*Material for this task*.

text \<open>Choose one preimage under \<open>\<rho>\<close> for every event of the configuration \<open>\<rho> R\<close> and order
  these representatives as their images are ordered in \<open>E\<close>.  This is again a realisation, and
  sending each element of \<open>R\<close> to the representative of its image is a total map of realisations.
  By extremality it is an isomorphism, so \<open>\<rho>\<close> is injective and the map is the identity.  Its
  inverse, and \<open>\<rho>\<close> itself, then show that the \<open>\<le>\<^sub>R\<close>-down-closed subsets of \<open>R\<close> are exactly the
  subsets down-closed for the order pulled back from \<open>E\<close>, and two orders with the same
  down-closed sets coincide.\<close>

lemma prime_event_structure_refl:
  "prime_event_structure E le Con \<Longrightarrow> e \<in> E \<Longrightarrow> le e e"
  unfolding prime_event_structure_def by (elim conjE) blast

lemma prime_event_structure_antisym:
  "prime_event_structure E le Con \<Longrightarrow> e \<in> E \<Longrightarrow> e' \<in> E \<Longrightarrow> le e e' \<Longrightarrow> le e' e \<Longrightarrow> e = e'"
  unfolding prime_event_structure_def by (elim conjE) blast

lemma prime_event_structure_trans:
  "prime_event_structure E le Con \<Longrightarrow> e \<in> E \<Longrightarrow> e' \<in> E \<Longrightarrow> e'' \<in> E \<Longrightarrow>
    le e e' \<Longrightarrow> le e' e'' \<Longrightarrow> le e e''"
  unfolding prime_event_structure_def by (elim conjE) blast

lemma prime_event_structure_finite_down:
  "prime_event_structure E le Con \<Longrightarrow> e \<in> E \<Longrightarrow> finite {e'\<in>E. le e' e}"
  unfolding prime_event_structure_def by (elim conjE) blast

lemma configurations_subset: "x \<in> configurations E le Con \<Longrightarrow> x \<subseteq> E"
  unfolding configurations_def by blast

lemma configurations_down:
  "x \<in> configurations E le Con \<Longrightarrow> e \<in> x \<Longrightarrow> e' \<in> E \<Longrightarrow> le e' e \<Longrightarrow> e' \<in> x"
  unfolding configurations_def by blast

lemma configurations_Con:
  "x \<in> configurations E le Con \<Longrightarrow> finite X \<Longrightarrow> X \<subseteq> x \<Longrightarrow> X \<in> Con"
  unfolding configurations_def by blast

lemma realisation_image_carrier: "realisation A R le rho \<Longrightarrow> rho ` R \<in> A"
  unfolding realisation_def down_closed_def by blast

lemma realisation_image_configuration_subset:
  "realisation (configurations E le Con) R leR rho \<Longrightarrow> rho ` R \<subseteq> E"
  using realisation_image_carrier configurations_subset by blast

lemma down_closed_subset: "down_closed R le x \<Longrightarrow> x \<subseteq> R"
  by (simp add: down_closed_def)

lemma realisation_refl: "realisation A R le rho \<Longrightarrow> \<forall>a\<in>R. le a a"
  unfolding realisation_def partial_order_fin_down_def by (elim conjE)

lemma realisation_trans:
  "realisation A R le rho \<Longrightarrow> \<forall>a\<in>R. \<forall>b\<in>R. \<forall>c\<in>R. le a b \<and> le b c \<longrightarrow> le a c"
  unfolding realisation_def partial_order_fin_down_def by (elim conjE)

lemma extremal_realisation: "extremal A R le rho \<Longrightarrow> realisation A R le rho"
  by (simp add: extremal_def)

lemma extremal_real_iso:
  fixes R S :: "'r set"
  assumes "extremal A R le rho" "realisation A S leS sigma" "total_real_map R le rho S leS sigma f"
  shows "real_iso R le rho S leS sigma f"
  using assms unfolding extremal_def by blast

lemma down_closed_downset:
  assumes "\<forall>a\<in>R. \<forall>b\<in>R. \<forall>c\<in>R. le a b \<and> le b c \<longrightarrow> le a c" and "a \<in> R"
  shows "down_closed R le {b\<in>R. le b a}"
  using assms unfolding down_closed_def by blast

lemma order_reflected_by_down_closed:
  assumes down_closed_le': "\<And>x. down_closed R le' x \<Longrightarrow> down_closed R le x"
    and refl: "\<forall>a\<in>R. le' a a"
    and trans: "\<forall>a\<in>R. \<forall>b\<in>R. \<forall>c\<in>R. le' a b \<and> le' b c \<longrightarrow> le' a c"
    and "r \<in> R" "r' \<in> R" "le r r'"
  shows "le' r r'"
proof -
  have "down_closed R le {b\<in>R. le' b r'}"
    using down_closed_le' down_closed_downset[OF trans \<open>r' \<in> R\<close>] by blast
  moreover have "r' \<in> {b\<in>R. le' b r'}" using refl \<open>r' \<in> R\<close> by blast
  ultimately show ?thesis using assms(4-6) unfolding down_closed_def by blast
qed

definition pullback_order :: "('r \<Rightarrow> 'e) \<Rightarrow> ('e \<Rightarrow> 'e \<Rightarrow> bool) \<Rightarrow> 'r \<Rightarrow> 'r \<Rightarrow> bool" where
  "pullback_order rho le a b \<longleftrightarrow> le (rho a) (rho b)"

lemma pullback_order_refl:
  assumes "prime_event_structure E le Con" and "rho ` S \<subseteq> E"
  shows "\<forall>a\<in>S. pullback_order rho le a a"
  unfolding pullback_order_def using prime_event_structure_refl[OF assms(1)] assms(2) by blast

lemma pullback_order_trans:
  assumes "prime_event_structure E le Con" and "rho ` S \<subseteq> E"
  shows "\<forall>a\<in>S. \<forall>b\<in>S. \<forall>c\<in>S. pullback_order rho le a b \<and> pullback_order rho le b c
      \<longrightarrow> pullback_order rho le a c"
  unfolding pullback_order_def using prime_event_structure_trans[OF assms(1)] assms(2) by blast

lemma partial_order_fin_down_pullback:
  assumes pes: "prime_event_structure E le Con" and E: "rho ` S \<subseteq> E" and inj: "inj_on rho S"
  shows "partial_order_fin_down S (pullback_order rho le)"
  unfolding partial_order_fin_down_def
proof (intro conjI)
  show "\<forall>a\<in>S. pullback_order rho le a a"
    using pullback_order_refl[OF pes E] .
  show "\<forall>a\<in>S. \<forall>b\<in>S. \<forall>c\<in>S. pullback_order rho le a b \<and> pullback_order rho le b c
      \<longrightarrow> pullback_order rho le a c"
    using pullback_order_trans[OF pes E] .
  show "\<forall>a\<in>S. \<forall>b\<in>S. pullback_order rho le a b \<and> pullback_order rho le b a \<longrightarrow> a = b"
    using E inj prime_event_structure_antisym[OF pes] unfolding pullback_order_def inj_on_def
    by blast
  show "\<forall>a\<in>S. finite {b\<in>S. pullback_order rho le b a}"
  proof
    fix a assume "a \<in> S"
    have "rho ` {b\<in>S. pullback_order rho le b a} \<subseteq> {e\<in>E. le e (rho a)}"
      using E unfolding pullback_order_def by blast
    then have "finite (rho ` {b\<in>S. pullback_order rho le b a})"
      by (rule finite_subset) (use prime_event_structure_finite_down[OF pes] E \<open>a \<in> S\<close> in blast)
    moreover have "inj_on rho {b\<in>S. pullback_order rho le b a}"
      using inj by (rule inj_on_subset) blast
    ultimately show "finite {b\<in>S. pullback_order rho le b a}"
      by (rule finite_imageD)
  qed
qed

lemma realisation_pullback:
  assumes pes: "prime_event_structure E le Con"
    and conf: "rho ` S \<in> configurations E le Con" and inj: "inj_on rho S"
  shows "realisation (configurations E le Con) S (pullback_order rho le) rho"
  unfolding realisation_def
proof (intro conjI allI impI)
  show "partial_order_fin_down S (pullback_order rho le)"
    using partial_order_fin_down_pullback[OF pes configurations_subset[OF conf] inj] .
  show "rho ` S \<subseteq> \<Union> (configurations E le Con)" using conf by blast
  fix x assume x: "down_closed S (pullback_order rho le) x"
  then have "x \<subseteq> S" by (rule down_closed_subset)
  show "rho ` x \<in> configurations E le Con"
    unfolding configurations_def
  proof (intro CollectI conjI allI impI ballI)
    show "rho ` x \<subseteq> E" using \<open>x \<subseteq> S\<close> configurations_subset[OF conf] by blast
    fix e e' assume "e \<in> rho ` x" "e' \<in> E" "le e' e"
    then obtain a where "a \<in> x" "e = rho a" by blast
    then obtain b where "b \<in> S" "e' = rho b"
      using configurations_down[OF conf] \<open>x \<subseteq> S\<close> \<open>e' \<in> E\<close> \<open>le e' e\<close> by blast
    then have "b \<in> x"
      using x \<open>a \<in> x\<close> \<open>e = rho a\<close> \<open>le e' e\<close> unfolding down_closed_def pullback_order_def by blast
    then show "e' \<in> rho ` x" using \<open>e' = rho b\<close> by blast
  next
    fix X assume "finite X \<and> X \<subseteq> rho ` x"
    moreover have "rho ` x \<subseteq> rho ` S" using \<open>x \<subseteq> S\<close> by (rule image_mono)
    ultimately show "X \<in> Con" using configurations_Con[OF conf] by (meson subset_trans)
  qed
qed

definition section_map :: "'r set \<Rightarrow> ('r \<Rightarrow> 'e) \<Rightarrow> 'r \<rightharpoonup> 'r" where
  "section_map R rho r = (if r \<in> R then Some (inv_into R rho (rho r)) else None)"

lemma representative_label:
  "a \<in> inv_into R rho ` rho ` x \<Longrightarrow> x \<subseteq> R \<Longrightarrow> rho a \<in> rho ` x"
  by (auto simp: f_inv_into_f)

lemma representative_of_label:
  assumes "b \<in> inv_into R rho ` rho ` R"
  shows "inv_into R rho (rho b) = b"
proof -
  obtain c where "c \<in> R" "b = inv_into R rho (rho c)" using assms by blast
  then have "rho b = rho c" by (simp add: f_inv_into_f)
  then show ?thesis using \<open>b = inv_into R rho (rho c)\<close> by simp
qed

lemma inj_on_representatives: "inj_on rho (inv_into R rho ` rho ` R)"
  by (metis inj_onI representative_of_label)

lemma pimage_section_map: "x \<subseteq> R \<Longrightarrow> pimage (section_map R rho) x = inv_into R rho ` rho ` x"
  unfolding pimage_def section_map_def by auto

lemma down_closed_representatives:
  assumes real: "realisation (configurations E le Con) R leR rho"
    and x: "down_closed R leR x"
  shows "down_closed (inv_into R rho ` rho ` R) (pullback_order rho le) (inv_into R rho ` rho ` x)"
  unfolding down_closed_def
proof (intro conjI ballI impI)
  have "x \<subseteq> R" using x by (rule down_closed_subset)
  then show "inv_into R rho ` rho ` x \<subseteq> inv_into R rho ` rho ` R" by blast
  have conf: "rho ` x \<in> configurations E le Con"
    using real x unfolding realisation_def by blast
  fix a b
  assume a: "a \<in> inv_into R rho ` rho ` x" and b: "b \<in> inv_into R rho ` rho ` R"
    and "pullback_order rho le b a"
  have "rho b \<in> E"
    using representative_label[OF b] realisation_image_configuration_subset[OF real] by blast
  then have "rho b \<in> rho ` x"
    using configurations_down[OF conf representative_label[OF a \<open>x \<subseteq> R\<close>]]
      \<open>pullback_order rho le b a\<close> unfolding pullback_order_def by blast
  then show "b \<in> inv_into R rho ` rho ` x"
    using representative_of_label[OF b] by (metis image_eqI)
qed

lemma total_real_map_section_map:
  assumes real: "realisation (configurations E le Con) R leR rho"
  shows "total_real_map R leR rho (inv_into R rho ` rho ` R) (pullback_order rho le) rho
    (section_map R rho)"
  unfolding total_real_map_def real_map_def
proof (intro conjI allI impI)
  show "dom (section_map R rho) \<subseteq> R" "dom (section_map R rho) = R"
    unfolding section_map_def dom_def by auto
  show "ran (section_map R rho) = inv_into R rho ` rho ` R"
    unfolding section_map_def ran_def by auto
  show "rho s = rho r" if "section_map R rho r = Some s" for r s
    using that unfolding section_map_def by (auto simp: f_inv_into_f split: if_splits)
  fix x assume x: "down_closed R leR x"
  then have "x \<subseteq> R" by (rule down_closed_subset)
  then show "down_closed (inv_into R rho ` rho ` R) (pullback_order rho le)
      (pimage (section_map R rho) x)"
    using down_closed_representatives[OF real x] pimage_section_map by metis
qed

lemma down_closed_pullback_if_injective:
  assumes "realisation (configurations E le Con) R leR rho" "inj_on rho R" "down_closed R leR x"
  shows "down_closed R (pullback_order rho le) x"
  using down_closed_representatives[OF assms(1,3)]
    inv_into_image_cancel[OF assms(2) down_closed_subset[OF assms(3)]]
    inv_into_image_cancel[OF assms(2) subset_refl]
  by simp

lemma realisation_reflects_order:
  assumes real: "realisation (configurations E le Con) R leR rho" and inj: "inj_on rho R"
    and "r \<in> R" "r' \<in> R" "le (rho r) (rho r')"
  shows "leR r r'"
proof (rule order_reflected_by_down_closed[of R leR "pullback_order rho le",
      OF _ realisation_refl[OF real] realisation_trans[OF real] assms(3,4)])
  show "down_closed R (pullback_order rho le) x" if "down_closed R leR x" for x
    using down_closed_pullback_if_injective[OF real inj that] .
  show "pullback_order rho le r r'" using assms(5) by (simp add: pullback_order_def)
qed

lemma real_map_down_closed:
  "real_map R leR rho S leS sigma f \<Longrightarrow> down_closed R leR x \<Longrightarrow> down_closed S leS (pimage f x)"
  by (simp add: real_map_def)

lemma real_iso_injective:
  assumes "real_iso R leR rho S leS sigma f" "r \<in> R" "r' \<in> R" "f r = f r'"
  shows "r = r'"
proof -
  obtain g where gf: "\<forall>r\<in>R. (g \<circ>\<^sub>m f) r = Some r"
    using assms(1) unfolding real_iso_def by blast
  have "(g \<circ>\<^sub>m f) r = (g \<circ>\<^sub>m f) r'" by (simp add: map_comp_def assms(4))
  then show ?thesis using gf assms(2,3) by simp
qed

*Your assignment*.
All lines of the listing holding the string "subsets" must be returned, copied as they stand.

*Output of the task*.
  inverse, and \<open>\<rho>\<close> itself, then show that the \<open>\<le>\<^sub>R\<close>-down-closed subsets of \<open>R\<close> are exactly the
  subsets down-closed for the order pulled back from \<open>E\<close>, and two orders with the same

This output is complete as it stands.